Source data START

lemma row_threshold_rescaled:
  fixes x e :: "'n::finite \<Rightarrow> 'p::finite \<Rightarrow> real"
  assumes c: "1 < c"
    and scale: "\<And>i j. e i j = s j * x i j" and s: "\<And>j. s j \<noteq> 0"
    and threshold: "(c + 1) / (c - 1) *
      (MAX i'\<in>UNIV. sqrt (\<Sum>j\<in>UNIV. (e i' j)\<^sup>2 / (\<Sum>i\<in>A. (e i j)\<^sup>2))) \<le> L"
  shows "sqrt (\<Sum>j\<in>UNIV. (x i' j)\<^sup>2 / (\<Sum>i\<in>A. (x i j)\<^sup>2)) \<le> (c - 1) / (c + 1) * L"
proof -
  have "(e i' j)\<^sup>2 / (\<Sum>i\<in>A. (e i j)\<^sup>2) = (x i' j)\<^sup>2 / (\<Sum>i\<in>A. (x i j)\<^sup>2)" for j
    using s[of j] by (simp add: scale power_mult_distrib sum_distrib_left[symmetric])
  then have "sqrt (\<Sum>j\<in>UNIV. (x i' j)\<^sup>2 / (\<Sum>i\<in>A. (x i j)\<^sup>2))
      = sqrt (\<Sum>j\<in>UNIV. (e i' j)\<^sup>2 / (\<Sum>i\<in>A. (e i j)\<^sup>2))" by simp
  also have "\<dots> \<le> (MAX i'\<in>UNIV. sqrt (\<Sum>j\<in>UNIV. (e i' j)\<^sup>2 / (\<Sum>i\<in>A. (e i j)\<^sup>2)))"
    by (rule Max_ge) auto
  finally show ?thesis using scaled_threshold_le[OF c threshold] by linarith
qed

lemma sum_minus_rows_on:
  fixes A :: "real^'p^'n::finite"
  assumes "I \<union> K = UNIV" "I \<inter> K = {}"
  shows "(\<Sum>i\<in>UNIV. f i ((A - rows_on K A) $ i $ j)) = (\<Sum>i\<in>I. f i (A $ i $ j)) + (\<Sum>i\<in>K. f i 0)"
proof -
  have "(\<Sum>i\<in>UNIV. f i ((A - rows_on K A) $ i $ j))
      = (\<Sum>i\<in>I. f i ((A - rows_on K A) $ i $ j)) + (\<Sum>i\<in>K. f i ((A - rows_on K A) $ i $ j))"
    by (rule sum_partition_UNIV[OF assms])
  also have "(\<Sum>i\<in>I. f i ((A - rows_on K A) $ i $ j)) = (\<Sum>i\<in>I. f i (A $ i $ j))"
    using assms(2) by (intro sum.cong) (auto simp: rows_on_def)
  also have "(\<Sum>i\<in>K. f i ((A - rows_on K A) $ i $ j)) = (\<Sum>i\<in>K. f i 0)"
    by (intro sum.cong) (auto simp: rows_on_def)
  finally show ?thesis .
qed
(* Let $N\ge1$, $1\le n\le N$, and let $x,y$ and $x_1,\dots,x_N$ be integers with $0\le x_1\le\cdots\le x_N\le x+y$, $x_n=x$; set $y_n=y$. Let $R>0$ and let $F$ be analytic on $\{|w|\ge R\}$ with $|F(w)|\to0$ uniformly as $|w|\to\infty$. Then $$\sum_{y_N=0}^{x+y-x_N}\sum_{y_{N-1}=y_N}^{x+y-x_{N-1}}\cdots\sum_{y_{n+1}=y_{n+2}}^{x+y-x_{n+1}}\ \sum_{y_{n-1}=y}^{x+y-x_{n-1}}\cdots\sum_{y_1=y_2}^{x+y-x_1}\det\Big[\int_{|w|=R}(w+1)^{y_j}w^{-j+i}F(w)\frac{dw}{2\pi i}\Big]_{i,j=1}^N$$ $$=\det\Big[\int_{|w|=R}(w+1)^{x+y-x_j+\mathbf 1_{j\ne n}}w^{-j+i-\mathbf 1_{j\ne n}}F(w)\frac{dw}{2\pi i}\Big]_{i,j=1}^N.$$
   Context: The circle $|w|=R$ is oriented counterclockwise. In the nested sum, $y_{n+1}$ is summed from $y_{n+2}$ (read as $y_{N+1}=0$ when $n+1=N$... more precisely, the summation range of $y_j$ for $j>n$ starts at $y_{j+1}$ with the convention that the sum over $y_N$ starts at $0$) and for $j<n$ the sum over $y_j$ starts at $y_{j+1}$, where $y_n=y$ is fixed; the upper limit for $y_j$ is $x+y-x_j$. $\mathbf 1_{j\ne n}$ is $1$ if $j\ne n$ and $0$ otherwise. *)

theory Defs
  imports "HOL-Complex_Analysis.Complex_Analysis" "Jordan_Normal_Form.Determinant"
begin

definition circ_int :: "real \<Rightarrow> (complex \<Rightarrow> complex) \<Rightarrow> complex" where
  "circ_int R f = contour_integral (circlepath 0 R) f / (2 * of_real pi * \<i>)"

text \<open>Index set of the nested sum: tuples (y_1,...,y_N) (stored as functions on nat,
  zero outside 1..N, so that y_(N+1) = 0) with y_n = y and, for every j in 1..N with
  j different from n, y_(j+1) <= y_j <= x + y - x_j.\<close>
definition sum_range :: "nat \<Rightarrow> nat \<Rightarrow> (nat \<Rightarrow> int) \<Rightarrow> int \<Rightarrow> int \<Rightarrow> (nat \<Rightarrow> int) set" where
  "sum_range N n xs x y = {ys. ys n = y \<and> (\<forall>j. j \<notin> {1..N} \<longrightarrow> ys j = 0) \<and>
      (\<forall>j\<in>{1..N} - {n}. ys (Suc j) \<le> ys j \<and> ys j \<le> x + y - xs j)}"

end

theory Submission
  imports Defs
begin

Source data END

How to complete this task: Write out exactly the lines from the start of the material through the line with "using s[of j]". No other output is expected.

Solution:
lemma row_threshold_rescaled:
  fixes x e :: "'n::finite \<Rightarrow> 'p::finite \<Rightarrow> real"
  assumes c: "1 < c"
    and scale: "\<And>i j. e i j = s j * x i j" and s: "\<And>j. s j \<noteq> 0"
    and threshold: "(c + 1) / (c - 1) *
      (MAX i'\<in>UNIV. sqrt (\<Sum>j\<in>UNIV. (e i' j)\<^sup>2 / (\<Sum>i\<in>A. (e i j)\<^sup>2))) \<le> L"
  shows "sqrt (\<Sum>j\<in>UNIV. (x i' j)\<^sup>2 / (\<Sum>i\<in>A. (x i j)\<^sup>2)) \<le> (c - 1) / (c + 1) * L"
proof -
  have "(e i' j)\<^sup>2 / (\<Sum>i\<in>A. (e i j)\<^sup>2) = (x i' j)\<^sup>2 / (\<Sum>i\<in>A. (x i j)\<^sup>2)" for j
    using s[of j] by (simp add: scale power_mult_distrib sum_distrib_left[symmetric])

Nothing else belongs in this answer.